/---
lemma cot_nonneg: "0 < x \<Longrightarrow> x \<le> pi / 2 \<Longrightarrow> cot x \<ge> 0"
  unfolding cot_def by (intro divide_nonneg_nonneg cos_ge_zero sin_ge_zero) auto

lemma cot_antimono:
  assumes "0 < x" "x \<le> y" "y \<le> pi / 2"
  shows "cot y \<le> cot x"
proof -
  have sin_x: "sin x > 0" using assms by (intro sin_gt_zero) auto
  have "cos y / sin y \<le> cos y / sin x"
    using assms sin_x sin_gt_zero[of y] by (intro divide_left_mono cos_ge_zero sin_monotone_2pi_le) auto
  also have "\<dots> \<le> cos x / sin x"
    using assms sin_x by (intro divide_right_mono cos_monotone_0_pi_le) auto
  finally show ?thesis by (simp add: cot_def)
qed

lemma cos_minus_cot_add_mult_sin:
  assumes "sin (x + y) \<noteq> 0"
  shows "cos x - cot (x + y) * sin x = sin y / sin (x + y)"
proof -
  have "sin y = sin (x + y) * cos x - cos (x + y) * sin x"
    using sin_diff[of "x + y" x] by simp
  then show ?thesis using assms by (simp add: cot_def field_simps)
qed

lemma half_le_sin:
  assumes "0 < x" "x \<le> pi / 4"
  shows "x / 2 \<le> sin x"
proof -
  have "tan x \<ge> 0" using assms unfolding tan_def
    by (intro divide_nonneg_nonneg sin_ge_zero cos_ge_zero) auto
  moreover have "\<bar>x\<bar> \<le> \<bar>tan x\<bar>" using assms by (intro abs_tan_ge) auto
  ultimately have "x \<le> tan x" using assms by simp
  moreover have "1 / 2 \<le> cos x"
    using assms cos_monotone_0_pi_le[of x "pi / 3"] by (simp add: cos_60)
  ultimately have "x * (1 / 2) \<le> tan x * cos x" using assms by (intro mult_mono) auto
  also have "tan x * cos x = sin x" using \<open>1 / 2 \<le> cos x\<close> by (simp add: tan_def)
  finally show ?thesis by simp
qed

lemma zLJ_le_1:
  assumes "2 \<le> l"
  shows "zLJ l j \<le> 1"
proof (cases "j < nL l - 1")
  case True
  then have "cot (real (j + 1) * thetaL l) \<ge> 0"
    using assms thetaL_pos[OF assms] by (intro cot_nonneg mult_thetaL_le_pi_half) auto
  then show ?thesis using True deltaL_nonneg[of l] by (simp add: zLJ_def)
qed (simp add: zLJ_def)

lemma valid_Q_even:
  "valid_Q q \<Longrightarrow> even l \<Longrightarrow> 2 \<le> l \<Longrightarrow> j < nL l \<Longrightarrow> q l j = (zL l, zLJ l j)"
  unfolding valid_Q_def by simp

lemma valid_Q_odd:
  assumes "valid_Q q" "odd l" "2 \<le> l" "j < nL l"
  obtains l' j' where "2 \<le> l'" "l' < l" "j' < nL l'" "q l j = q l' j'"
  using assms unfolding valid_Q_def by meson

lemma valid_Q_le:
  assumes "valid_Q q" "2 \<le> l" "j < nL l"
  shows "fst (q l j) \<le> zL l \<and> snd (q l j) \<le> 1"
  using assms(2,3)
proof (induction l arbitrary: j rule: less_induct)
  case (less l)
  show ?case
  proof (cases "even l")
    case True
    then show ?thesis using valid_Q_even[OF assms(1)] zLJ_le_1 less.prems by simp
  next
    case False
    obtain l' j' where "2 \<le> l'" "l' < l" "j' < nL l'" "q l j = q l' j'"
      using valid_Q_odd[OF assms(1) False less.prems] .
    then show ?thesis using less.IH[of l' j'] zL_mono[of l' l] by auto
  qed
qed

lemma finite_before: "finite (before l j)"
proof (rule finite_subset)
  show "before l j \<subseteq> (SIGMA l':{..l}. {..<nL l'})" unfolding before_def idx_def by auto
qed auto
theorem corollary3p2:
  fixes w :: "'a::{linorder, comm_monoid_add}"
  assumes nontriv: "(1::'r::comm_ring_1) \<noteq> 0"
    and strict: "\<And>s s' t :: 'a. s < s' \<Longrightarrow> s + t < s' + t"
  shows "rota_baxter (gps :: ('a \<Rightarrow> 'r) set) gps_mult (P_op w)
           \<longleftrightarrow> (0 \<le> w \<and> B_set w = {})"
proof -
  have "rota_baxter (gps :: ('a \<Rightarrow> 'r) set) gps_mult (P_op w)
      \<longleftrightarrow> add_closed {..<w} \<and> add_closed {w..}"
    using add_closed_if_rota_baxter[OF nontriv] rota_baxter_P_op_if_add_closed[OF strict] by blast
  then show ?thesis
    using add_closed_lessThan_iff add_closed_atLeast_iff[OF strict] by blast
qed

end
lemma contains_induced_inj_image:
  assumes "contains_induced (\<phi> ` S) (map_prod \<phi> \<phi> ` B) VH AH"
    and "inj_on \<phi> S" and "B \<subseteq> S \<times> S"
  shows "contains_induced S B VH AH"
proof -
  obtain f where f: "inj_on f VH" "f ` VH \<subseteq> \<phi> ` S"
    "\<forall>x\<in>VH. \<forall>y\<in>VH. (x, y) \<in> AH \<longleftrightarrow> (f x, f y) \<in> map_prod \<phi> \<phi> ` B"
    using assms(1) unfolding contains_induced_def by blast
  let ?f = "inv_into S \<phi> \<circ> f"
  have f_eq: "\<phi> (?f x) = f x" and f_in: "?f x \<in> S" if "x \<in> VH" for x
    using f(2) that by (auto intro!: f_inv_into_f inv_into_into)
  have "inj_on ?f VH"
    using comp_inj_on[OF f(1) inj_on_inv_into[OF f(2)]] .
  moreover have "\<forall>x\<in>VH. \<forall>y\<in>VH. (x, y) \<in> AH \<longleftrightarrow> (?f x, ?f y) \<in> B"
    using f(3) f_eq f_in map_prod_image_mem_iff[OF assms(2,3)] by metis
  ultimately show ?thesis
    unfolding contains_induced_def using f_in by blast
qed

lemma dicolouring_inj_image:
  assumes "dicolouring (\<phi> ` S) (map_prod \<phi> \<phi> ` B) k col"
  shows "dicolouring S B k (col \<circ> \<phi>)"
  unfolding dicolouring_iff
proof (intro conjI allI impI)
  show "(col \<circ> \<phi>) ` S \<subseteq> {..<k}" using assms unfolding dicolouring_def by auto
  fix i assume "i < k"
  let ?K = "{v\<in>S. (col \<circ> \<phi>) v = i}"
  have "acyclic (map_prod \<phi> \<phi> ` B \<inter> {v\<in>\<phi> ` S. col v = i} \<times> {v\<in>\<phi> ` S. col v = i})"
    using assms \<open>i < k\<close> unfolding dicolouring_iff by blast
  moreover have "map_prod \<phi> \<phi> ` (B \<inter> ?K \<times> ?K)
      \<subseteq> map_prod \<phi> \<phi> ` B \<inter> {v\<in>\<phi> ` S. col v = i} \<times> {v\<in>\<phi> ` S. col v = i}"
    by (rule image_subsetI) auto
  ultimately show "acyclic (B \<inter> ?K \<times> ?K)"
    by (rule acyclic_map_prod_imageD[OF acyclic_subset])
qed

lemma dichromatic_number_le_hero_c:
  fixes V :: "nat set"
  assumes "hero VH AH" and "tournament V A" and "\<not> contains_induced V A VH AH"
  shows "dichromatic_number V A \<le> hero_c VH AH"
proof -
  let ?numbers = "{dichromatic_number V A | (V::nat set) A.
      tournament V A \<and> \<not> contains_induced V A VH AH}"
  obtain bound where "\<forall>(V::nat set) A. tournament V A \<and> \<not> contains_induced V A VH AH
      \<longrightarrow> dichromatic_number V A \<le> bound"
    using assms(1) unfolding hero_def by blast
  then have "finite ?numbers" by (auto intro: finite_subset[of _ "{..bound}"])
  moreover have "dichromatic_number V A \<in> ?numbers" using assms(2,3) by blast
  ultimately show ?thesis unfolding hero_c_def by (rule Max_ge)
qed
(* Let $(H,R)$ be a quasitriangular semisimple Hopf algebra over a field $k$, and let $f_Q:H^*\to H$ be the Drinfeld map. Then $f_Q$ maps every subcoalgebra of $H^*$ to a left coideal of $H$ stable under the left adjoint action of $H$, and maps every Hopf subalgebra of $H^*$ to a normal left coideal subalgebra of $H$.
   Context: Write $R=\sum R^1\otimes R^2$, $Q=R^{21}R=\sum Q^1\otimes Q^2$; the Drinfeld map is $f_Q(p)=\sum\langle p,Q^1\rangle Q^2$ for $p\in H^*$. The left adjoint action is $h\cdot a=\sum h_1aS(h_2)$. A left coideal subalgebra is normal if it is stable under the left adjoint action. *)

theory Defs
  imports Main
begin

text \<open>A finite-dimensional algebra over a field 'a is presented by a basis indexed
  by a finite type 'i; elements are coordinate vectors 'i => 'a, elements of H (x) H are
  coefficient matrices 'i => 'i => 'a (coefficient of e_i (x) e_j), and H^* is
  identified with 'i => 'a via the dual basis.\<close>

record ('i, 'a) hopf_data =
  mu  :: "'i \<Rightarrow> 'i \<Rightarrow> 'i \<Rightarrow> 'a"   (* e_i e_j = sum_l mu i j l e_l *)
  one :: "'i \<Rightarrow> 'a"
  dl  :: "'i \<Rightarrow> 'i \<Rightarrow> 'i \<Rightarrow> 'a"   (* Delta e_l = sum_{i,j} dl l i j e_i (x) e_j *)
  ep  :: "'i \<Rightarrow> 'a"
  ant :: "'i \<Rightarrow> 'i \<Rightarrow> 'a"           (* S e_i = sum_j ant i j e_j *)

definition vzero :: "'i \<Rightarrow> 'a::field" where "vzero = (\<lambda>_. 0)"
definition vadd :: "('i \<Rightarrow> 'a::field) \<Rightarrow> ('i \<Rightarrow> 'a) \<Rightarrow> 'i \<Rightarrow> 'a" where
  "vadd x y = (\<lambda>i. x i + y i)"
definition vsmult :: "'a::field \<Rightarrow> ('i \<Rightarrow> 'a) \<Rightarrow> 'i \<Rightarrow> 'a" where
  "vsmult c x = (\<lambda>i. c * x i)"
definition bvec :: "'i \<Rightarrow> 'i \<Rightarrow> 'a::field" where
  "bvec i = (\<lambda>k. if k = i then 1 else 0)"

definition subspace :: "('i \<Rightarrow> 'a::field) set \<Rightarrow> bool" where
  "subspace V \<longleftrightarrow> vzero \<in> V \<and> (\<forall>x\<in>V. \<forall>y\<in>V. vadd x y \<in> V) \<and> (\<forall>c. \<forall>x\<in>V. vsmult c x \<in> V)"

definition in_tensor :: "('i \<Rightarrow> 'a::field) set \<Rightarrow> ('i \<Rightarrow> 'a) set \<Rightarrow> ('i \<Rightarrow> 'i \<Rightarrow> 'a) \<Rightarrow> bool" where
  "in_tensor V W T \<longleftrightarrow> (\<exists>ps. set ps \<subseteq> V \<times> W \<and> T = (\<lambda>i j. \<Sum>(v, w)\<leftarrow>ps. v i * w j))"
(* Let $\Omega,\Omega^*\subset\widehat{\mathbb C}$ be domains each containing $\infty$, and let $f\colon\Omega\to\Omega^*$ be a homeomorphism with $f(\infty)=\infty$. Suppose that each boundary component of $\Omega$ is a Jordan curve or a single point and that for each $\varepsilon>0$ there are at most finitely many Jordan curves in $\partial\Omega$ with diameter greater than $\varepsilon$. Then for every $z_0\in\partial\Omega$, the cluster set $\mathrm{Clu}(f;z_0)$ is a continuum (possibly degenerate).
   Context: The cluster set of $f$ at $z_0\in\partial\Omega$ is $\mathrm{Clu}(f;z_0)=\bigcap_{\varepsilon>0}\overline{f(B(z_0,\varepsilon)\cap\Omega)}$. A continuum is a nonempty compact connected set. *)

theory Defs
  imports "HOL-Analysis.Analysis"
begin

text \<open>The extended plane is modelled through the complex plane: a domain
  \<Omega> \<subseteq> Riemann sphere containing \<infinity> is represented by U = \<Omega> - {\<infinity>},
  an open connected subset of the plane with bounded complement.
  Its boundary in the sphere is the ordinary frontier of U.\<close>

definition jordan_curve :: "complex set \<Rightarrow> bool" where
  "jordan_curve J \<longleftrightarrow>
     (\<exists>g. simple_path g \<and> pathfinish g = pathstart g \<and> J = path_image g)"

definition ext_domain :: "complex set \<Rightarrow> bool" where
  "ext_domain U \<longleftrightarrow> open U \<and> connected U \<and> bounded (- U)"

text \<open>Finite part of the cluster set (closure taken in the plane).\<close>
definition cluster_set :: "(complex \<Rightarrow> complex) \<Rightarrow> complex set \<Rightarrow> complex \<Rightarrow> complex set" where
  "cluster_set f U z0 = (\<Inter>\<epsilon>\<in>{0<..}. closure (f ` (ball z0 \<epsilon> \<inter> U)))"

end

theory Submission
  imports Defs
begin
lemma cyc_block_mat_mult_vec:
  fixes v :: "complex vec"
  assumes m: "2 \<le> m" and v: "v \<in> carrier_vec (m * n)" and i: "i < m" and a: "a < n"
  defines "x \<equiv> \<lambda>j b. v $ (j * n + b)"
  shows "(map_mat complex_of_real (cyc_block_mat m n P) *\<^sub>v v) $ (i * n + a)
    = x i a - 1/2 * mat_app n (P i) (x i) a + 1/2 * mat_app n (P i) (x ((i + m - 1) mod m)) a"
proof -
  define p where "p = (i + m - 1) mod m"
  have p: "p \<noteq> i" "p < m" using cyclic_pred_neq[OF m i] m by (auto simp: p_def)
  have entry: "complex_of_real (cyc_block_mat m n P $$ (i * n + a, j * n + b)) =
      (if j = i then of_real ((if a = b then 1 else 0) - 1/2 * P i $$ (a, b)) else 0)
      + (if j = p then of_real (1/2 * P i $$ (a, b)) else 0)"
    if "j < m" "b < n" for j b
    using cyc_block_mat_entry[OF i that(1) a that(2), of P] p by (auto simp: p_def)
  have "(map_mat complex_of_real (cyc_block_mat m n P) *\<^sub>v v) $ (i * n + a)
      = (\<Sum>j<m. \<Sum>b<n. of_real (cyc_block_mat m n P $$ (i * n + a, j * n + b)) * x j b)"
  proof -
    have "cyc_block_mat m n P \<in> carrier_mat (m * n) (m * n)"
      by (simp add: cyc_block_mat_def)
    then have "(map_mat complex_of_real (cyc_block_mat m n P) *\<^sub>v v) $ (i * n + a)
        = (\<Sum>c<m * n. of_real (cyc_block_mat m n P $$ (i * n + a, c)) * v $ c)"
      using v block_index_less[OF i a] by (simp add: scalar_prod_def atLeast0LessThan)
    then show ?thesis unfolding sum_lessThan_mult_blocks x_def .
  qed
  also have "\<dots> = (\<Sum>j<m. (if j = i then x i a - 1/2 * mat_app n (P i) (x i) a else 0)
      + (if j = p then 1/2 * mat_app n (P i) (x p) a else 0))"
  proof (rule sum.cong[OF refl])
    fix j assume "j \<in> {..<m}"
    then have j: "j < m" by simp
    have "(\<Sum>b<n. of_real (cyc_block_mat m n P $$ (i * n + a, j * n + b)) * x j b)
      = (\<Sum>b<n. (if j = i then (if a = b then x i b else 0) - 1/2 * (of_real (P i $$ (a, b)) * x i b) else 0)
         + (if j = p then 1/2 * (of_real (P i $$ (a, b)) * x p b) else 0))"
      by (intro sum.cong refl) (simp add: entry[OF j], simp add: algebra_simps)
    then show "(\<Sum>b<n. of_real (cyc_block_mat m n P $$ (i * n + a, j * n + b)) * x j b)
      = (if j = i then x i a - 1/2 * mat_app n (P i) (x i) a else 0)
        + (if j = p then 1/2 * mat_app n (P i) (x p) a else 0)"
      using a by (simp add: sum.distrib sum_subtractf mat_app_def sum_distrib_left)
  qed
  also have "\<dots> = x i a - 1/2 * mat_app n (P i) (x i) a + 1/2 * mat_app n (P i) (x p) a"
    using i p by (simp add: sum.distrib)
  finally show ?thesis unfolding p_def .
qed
\---
## What to do
Going through the data above, count the lines where the string "bvec" appears, and answer with only that number.

## Output of the exercise
2